#### Required work:
If a line in the entries below holds the string "Combinatorics", copy it.

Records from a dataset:
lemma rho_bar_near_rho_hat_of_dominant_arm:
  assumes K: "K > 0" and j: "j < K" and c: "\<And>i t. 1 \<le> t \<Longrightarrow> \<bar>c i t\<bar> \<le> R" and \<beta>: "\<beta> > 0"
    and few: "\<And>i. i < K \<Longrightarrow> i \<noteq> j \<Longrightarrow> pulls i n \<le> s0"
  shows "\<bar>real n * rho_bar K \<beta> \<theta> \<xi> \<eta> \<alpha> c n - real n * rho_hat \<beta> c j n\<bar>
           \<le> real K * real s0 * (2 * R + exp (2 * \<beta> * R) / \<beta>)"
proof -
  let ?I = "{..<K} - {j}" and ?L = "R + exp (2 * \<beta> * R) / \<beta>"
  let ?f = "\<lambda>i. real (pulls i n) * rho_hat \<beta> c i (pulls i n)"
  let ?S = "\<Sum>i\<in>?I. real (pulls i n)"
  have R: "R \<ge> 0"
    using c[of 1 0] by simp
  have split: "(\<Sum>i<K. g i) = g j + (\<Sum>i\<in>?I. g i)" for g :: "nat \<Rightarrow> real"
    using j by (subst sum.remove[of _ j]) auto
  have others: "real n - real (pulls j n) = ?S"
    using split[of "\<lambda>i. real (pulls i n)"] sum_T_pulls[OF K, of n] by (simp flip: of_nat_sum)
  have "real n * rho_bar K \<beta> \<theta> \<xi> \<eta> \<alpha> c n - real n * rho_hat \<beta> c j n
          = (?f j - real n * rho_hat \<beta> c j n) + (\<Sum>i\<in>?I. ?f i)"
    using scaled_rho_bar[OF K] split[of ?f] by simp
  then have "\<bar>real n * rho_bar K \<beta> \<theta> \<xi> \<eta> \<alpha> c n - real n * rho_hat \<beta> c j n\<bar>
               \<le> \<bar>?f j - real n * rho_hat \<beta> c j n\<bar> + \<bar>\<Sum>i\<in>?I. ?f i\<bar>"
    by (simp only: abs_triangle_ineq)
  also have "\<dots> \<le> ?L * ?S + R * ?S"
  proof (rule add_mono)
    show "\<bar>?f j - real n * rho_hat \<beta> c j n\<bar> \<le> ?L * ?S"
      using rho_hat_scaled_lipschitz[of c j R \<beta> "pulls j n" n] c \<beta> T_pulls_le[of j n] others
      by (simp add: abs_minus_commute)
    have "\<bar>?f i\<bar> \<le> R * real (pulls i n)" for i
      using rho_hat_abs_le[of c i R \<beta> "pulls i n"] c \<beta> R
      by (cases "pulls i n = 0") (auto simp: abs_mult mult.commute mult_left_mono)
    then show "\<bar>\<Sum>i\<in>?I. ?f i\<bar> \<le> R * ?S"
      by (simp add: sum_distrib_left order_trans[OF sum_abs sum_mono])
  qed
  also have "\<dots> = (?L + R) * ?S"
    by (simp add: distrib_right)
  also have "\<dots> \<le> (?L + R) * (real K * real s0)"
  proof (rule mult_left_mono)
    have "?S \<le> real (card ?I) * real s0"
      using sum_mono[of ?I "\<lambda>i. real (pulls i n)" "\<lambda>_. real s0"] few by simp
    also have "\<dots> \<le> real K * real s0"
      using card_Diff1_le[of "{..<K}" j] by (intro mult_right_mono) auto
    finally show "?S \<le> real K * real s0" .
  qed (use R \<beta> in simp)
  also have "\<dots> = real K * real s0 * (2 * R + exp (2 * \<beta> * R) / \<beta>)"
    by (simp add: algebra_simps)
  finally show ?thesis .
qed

* * *

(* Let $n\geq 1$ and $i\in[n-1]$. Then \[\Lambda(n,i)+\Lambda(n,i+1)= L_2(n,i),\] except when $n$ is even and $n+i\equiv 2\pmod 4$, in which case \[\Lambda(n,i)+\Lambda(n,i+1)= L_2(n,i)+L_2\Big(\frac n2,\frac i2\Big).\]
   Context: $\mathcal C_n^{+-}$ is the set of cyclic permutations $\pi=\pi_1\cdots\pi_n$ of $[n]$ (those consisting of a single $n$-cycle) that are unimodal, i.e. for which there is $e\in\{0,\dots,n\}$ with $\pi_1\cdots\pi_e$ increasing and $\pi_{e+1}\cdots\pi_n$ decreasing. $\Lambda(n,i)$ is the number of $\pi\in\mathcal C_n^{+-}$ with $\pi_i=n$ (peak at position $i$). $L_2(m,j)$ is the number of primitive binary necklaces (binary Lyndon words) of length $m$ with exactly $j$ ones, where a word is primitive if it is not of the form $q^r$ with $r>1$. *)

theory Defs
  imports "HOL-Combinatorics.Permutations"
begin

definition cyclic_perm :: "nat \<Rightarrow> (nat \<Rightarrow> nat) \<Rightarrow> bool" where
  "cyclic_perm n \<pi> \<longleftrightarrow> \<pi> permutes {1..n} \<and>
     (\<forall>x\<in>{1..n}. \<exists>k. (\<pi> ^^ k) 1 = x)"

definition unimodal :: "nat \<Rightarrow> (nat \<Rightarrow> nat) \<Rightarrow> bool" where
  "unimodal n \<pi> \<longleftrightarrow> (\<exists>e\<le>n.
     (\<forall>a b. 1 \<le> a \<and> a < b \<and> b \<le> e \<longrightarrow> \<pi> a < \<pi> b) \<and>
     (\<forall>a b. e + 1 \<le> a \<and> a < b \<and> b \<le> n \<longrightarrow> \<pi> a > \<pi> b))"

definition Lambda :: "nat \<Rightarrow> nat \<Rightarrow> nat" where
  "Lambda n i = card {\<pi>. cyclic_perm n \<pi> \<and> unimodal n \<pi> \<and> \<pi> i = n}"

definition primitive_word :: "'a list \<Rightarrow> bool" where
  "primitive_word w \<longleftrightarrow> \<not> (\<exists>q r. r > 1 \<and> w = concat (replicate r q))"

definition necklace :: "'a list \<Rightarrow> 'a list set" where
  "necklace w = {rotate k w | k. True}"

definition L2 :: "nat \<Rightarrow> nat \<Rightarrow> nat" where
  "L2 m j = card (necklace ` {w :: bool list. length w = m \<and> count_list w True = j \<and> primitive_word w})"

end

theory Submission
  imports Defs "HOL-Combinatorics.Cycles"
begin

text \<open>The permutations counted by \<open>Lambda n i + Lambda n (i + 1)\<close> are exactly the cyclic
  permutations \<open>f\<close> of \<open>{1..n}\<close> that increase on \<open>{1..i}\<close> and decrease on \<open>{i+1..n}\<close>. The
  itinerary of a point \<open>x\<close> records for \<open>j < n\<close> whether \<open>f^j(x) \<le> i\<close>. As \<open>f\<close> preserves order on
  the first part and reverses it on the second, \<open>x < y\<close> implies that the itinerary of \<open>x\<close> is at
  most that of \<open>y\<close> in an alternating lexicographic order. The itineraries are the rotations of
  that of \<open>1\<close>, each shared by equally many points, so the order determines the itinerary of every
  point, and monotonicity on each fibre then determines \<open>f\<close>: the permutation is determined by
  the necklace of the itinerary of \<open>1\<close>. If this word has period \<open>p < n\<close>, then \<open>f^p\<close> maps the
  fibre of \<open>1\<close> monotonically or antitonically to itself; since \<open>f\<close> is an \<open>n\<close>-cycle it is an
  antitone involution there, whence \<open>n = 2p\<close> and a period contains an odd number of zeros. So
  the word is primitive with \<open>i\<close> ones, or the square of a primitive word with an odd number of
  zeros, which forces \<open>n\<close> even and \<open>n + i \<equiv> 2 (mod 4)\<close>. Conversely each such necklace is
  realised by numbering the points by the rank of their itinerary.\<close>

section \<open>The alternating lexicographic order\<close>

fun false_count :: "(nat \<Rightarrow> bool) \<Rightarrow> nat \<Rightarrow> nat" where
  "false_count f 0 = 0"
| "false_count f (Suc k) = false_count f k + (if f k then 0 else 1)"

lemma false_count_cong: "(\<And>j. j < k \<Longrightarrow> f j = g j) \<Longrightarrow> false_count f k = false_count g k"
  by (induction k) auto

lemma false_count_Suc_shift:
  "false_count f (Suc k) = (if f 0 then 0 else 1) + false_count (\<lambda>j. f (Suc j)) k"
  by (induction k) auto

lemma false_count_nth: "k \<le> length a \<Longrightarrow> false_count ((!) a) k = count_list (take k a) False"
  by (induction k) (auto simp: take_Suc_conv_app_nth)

#### Response for this exercise:
  imports "HOL-Combinatorics.Permutations"
  imports Defs "HOL-Combinatorics.Cycles"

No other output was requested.